Stored data:
lemma alt_free_colouring_of_triple_colouring:
  assumes bound: "\<forall>T. T \<subseteq> {0..<2 * n} \<and> card T = 3 \<longrightarrow> c T < r"
    and colours: "three_colours_on_4_sets (2 * n) c"
  shows "alt_free_colouring n r (c \<circ> edge_triple n)"
  unfolding alt_free_colouring_def
proof
  show "\<forall>e\<in>grid_edges n. (c \<circ> edge_triple n) e < r"
    using bound edge_triple_of_grid_edge by simp
  show "\<not> has_alt_rect n (c \<circ> edge_triple n)"
  proof
    assume "has_alt_rect n (c \<circ> edge_triple n)"
    then obtain i i' j j' where ij: "1 \<le> i" "i < i'" "i' \<le> n" "1 \<le> j" "j < j'" "j' \<le> n"
      and col: "c {i - 1, i' - 1, n + j - 1} = c {i - 1, i' - 1, n + j' - 1}"
      and row: "c {i - 1, n + j - 1, n + j' - 1} = c {i' - 1, n + j - 1, n + j' - 1}"
      unfolding has_alt_rect_def by (auto simp: edge_triple_column edge_triple_row)
    define a a' b b' where "a = i - 1" and "a' = i' - 1" and "b = n + j - 1" and "b' = n + j' - 1"
    have order: "a < a'" "a' < b" "b < b'" "b' < 2 * n"
      unfolding a_def a'_def b_def b'_def using ij by linarith+
    then have distinct: "distinct [a, a', b, b']" by auto
    define S where "S = {a, a', b, b'}"
    have S: "S \<subseteq> {0..<2 * n}" "card S = 4" unfolding S_def using order distinct by auto
    have "c {a, a', b} = c {a, a', b'}" "c {a, b, b'} = c {a', b, b'}"
      using col row by (simp_all add: a_def a'_def b_def b'_def)
    then have "c ` {T. T \<subseteq> S \<and> card T = 3} = {c {a, a', b}, c {a, b, b'}}"
      unfolding S_def subsets_card_3_of_4[OF distinct] by auto
    then have "card (c ` {T. T \<subseteq> S \<and> card T = 3}) \<le> 2"
      by (simp add: card_insert_le_m1)
    moreover have "3 \<le> card (c ` {T. T \<subseteq> S \<and> card T = 3})"
      using colours S unfolding three_colours_on_4_sets_def by blast
    ultimately show False by simp
  qed
qed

## EXERCISE BRIEF
Only the lines of the data holding the string "auto" are wanted; copy each of them.

## OUTPUT FOR THIS TASK
      unfolding has_alt_rect_def by (auto simp: edge_triple_column edge_triple_row)
    then have distinct: "distinct [a, a', b, b']" by auto
    have S: "S \<subseteq> {0..<2 * n}" "card S = 4" unfolding S_def using order distinct by auto
      unfolding S_def subsets_card_3_of_4[OF distinct] by auto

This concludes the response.